Memcord is a privacy-first, self-hosted Model Context Protocol (MCP) server designed to offer AI memory management capabilities without relying on cloud services. It tackles the common challenge of maintaining persistent conversational context across AI sessions by storing memory locally and isolating it per project or slot. This approach ensures that your AI workflows keep context consistent and private, without sending sensitive information to external APIs or cloud storage.
What memcord does and how it manages AI memory
At its core, memcord implements the MCP server protocol with a focus on local-first AI memory. MCP is a protocol that standardizes how AI models access external context resources, enabling modular and composable AI systems. Memcord acts as a backend server providing persistent memory context to AI models or agents.

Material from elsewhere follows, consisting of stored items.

lemma phase_alignment:
  obtains \<theta> where "\<theta> \<in> {0..<2*pi}" and "(exp (\<i> * complex_of_real \<theta>))^2 * z = complex_of_real (cmod z)"
proof -
  define \<theta>0 where "\<theta>0 = - Arg z / 2"
  define \<theta> where "\<theta> = (if \<theta>0 < 0 then \<theta>0 + pi else \<theta>0)"
  have b: "- pi < Arg z" "Arg z \<le> pi" using Arg_bounded by auto
  have range: "\<theta> \<in> {0..<2*pi}" using b by (auto simp: \<theta>_def \<theta>0_def)
  have "2 * \<theta> + Arg z = 0 \<or> 2 * \<theta> + Arg z = 2 * pi" by (auto simp: \<theta>_def \<theta>0_def)
  then have full_turn: "cis (2 * \<theta> + Arg z) = 1"
    by (elim disjE) (simp_all only: cis_zero cis_2pi)
  have "(exp (\<i> * complex_of_real \<theta>))^2 * z = cis \<theta> ^ 2 * rcis (cmod z) (Arg z)"
    by (simp add: cis_conv_exp rcis_cmod_Arg)
  also have "\<dots> = complex_of_real (cmod z) * cis (2 * \<theta> + Arg z)"
    by (simp add: power2_eq_square cis_mult rcis_def mult_ac add.commute)
  also have "\<dots> = complex_of_real (cmod z)" by (simp only: full_turn mult_1_right)
  finally show ?thesis using range that by blast
qed

lemma mat_set_dist_le:
  fixes A B :: "complex^'n^'n"
  assumes "B \<in> S" and "\<theta> \<in> {0..<2*pi}"
  shows "mat_set_dist A S
    \<le> sqrt (Re (trace (adjoint_mat (scale_mat (exp (\<i> * complex_of_real \<theta>)) A - B)
                        ** (scale_mat (exp (\<i> * complex_of_real \<theta>)) A - B)))
            / (2 * real CARD('n)))"
proof -
  have frob_nonneg: "0 \<le> frob_norm C" for C :: "complex^'n^'n"
    by (simp add: frob_norm_def trace_def matrix_matrix_mult_def adjoint_mat_def sum_nonneg)
  have dist_nonneg: "0 \<le> mat_dist A C" for C
    unfolding mat_dist_def by (rule cINF_greatest) (auto simp: frob_nonneg pi_gt_zero)
  have "mat_set_dist A S \<le> mat_dist A B"
    unfolding mat_set_dist_def
    by (rule cINF_lower) (auto intro!: bdd_belowI[where m=0] dist_nonneg assms(1))
  also have "\<dots> \<le> frob_norm (scale_mat (exp (\<i> * complex_of_real \<theta>)) A - B)
                  / sqrt (2 * real CARD('n))"
    unfolding mat_dist_def
    by (rule cINF_lower[OF _ assms(2)]) (auto intro!: bdd_belowI[where m=0] simp: frob_nonneg)
  finally show ?thesis by (simp add: frob_norm_def real_sqrt_divide)
qed

theorem lemma2:
  fixes U :: "complex^'n^'n" and \<delta> :: real
  assumes "U \<in> unitary_group"
    and "\<delta> \<ge> 0"
    and "cmod (trace (U ** transpose U)) \<ge> real CARD('n) * (1 - \<delta>)"
  shows "mat_set_dist U orthogonal_group \<le> sqrt \<delta>"
proof -
  define N where "N = real CARD('n)"
  obtain \<theta> where \<theta>: "\<theta> \<in> {0..<2*pi}"
    and aligned: "(exp (\<i> * complex_of_real \<theta>))^2 * trace (U ** transpose U)
                  = complex_of_real (cmod (trace (U ** transpose U)))"
    by (rule phase_alignment)
  define A where "A = scale_mat (exp (\<i> * complex_of_real \<theta>)) U"
  define X Y where "X = re_mat A" and "Y = im_mat A"
  have unitary: "adjoint_mat A ** A = mat 1"
    using assms(1) by (simp add: A_def unitary_group_def scale_mat_unitary)
  have norms: "X \<bullet> X + Y \<bullet> Y = N"
    using re_trace_adjoint_mult[of A] by (simp add: unitary trace_I X_def Y_def N_def)
  have trace_UUt: "cmod (trace (U ** transpose U)) = X \<bullet> X - Y \<bullet> Y"
    using re_trace_mult_transpose[of A] aligned
    by (simp add: X_def Y_def A_def trace_scale_mat_mult_transpose)
  obtain Q where Q: "orthogonal_matrix Q" and polar: "X \<bullet> X \<le> Q \<bullet> X"
    using contraction_trace_bound unitary_re_contraction[OF unitary] unfolding X_def by blast
  define F where "F = Re (trace (adjoint_mat (A - of_real_mat Q) ** (A - of_real_mat Q)))"
  have "F = X \<bullet> X + Y \<bullet> Y + Q \<bullet> Q - 2 * (Q \<bullet> X)"
    by (simp add: F_def re_trace_adjoint_diff_of_real X_def Y_def)
  also have "\<dots> \<le> N * \<delta>"
    using norms inner_self_orthogonal[OF Q] polar trace_UUt assms(3) unfolding N_def
    by (simp add: algebra_simps)
  finally have F_le: "F \<le> N * \<delta>" .
  have "mat_set_dist U orthogonal_group \<le> sqrt (F / (2 * N))"
    using mat_set_dist_le[OF of_real_mat_orthogonal[OF Q] \<theta>, of U] by (simp add: F_def A_def N_def)
  also have "\<dots> \<le> sqrt (N * \<delta> / (2 * N))"
    using F_le by (intro real_sqrt_le_mono divide_right_mono) (simp_all add: N_def)
  also have "\<dots> \<le> sqrt \<delta>"
    using assms(2) by (simp add: N_def)
  finally show ?thesis .
qed

end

The architecture uses a slot-based system to isolate memory contexts. Each slot represents a separate context or project workspace, enabling multiple AI workflows to coexist without interfering with each other’s memory. The repository uses Python 3.10+ with a lightweight Python package manager called uv to manage dependencies and virtual environments.
Memcord supports 28 MCP tools, fully compliant with the MCP spec dated 2025-03-26 and 2025-11-25. These tools include various extensions like tool annotations, result-size limits, and progress notifications to enhance AI interactions. On the summarization side, memcord supports four different summarizer backends: nltk, sumy, semantic, and transformers. This allows users to balance between speed and quality in summarization of conversational memory.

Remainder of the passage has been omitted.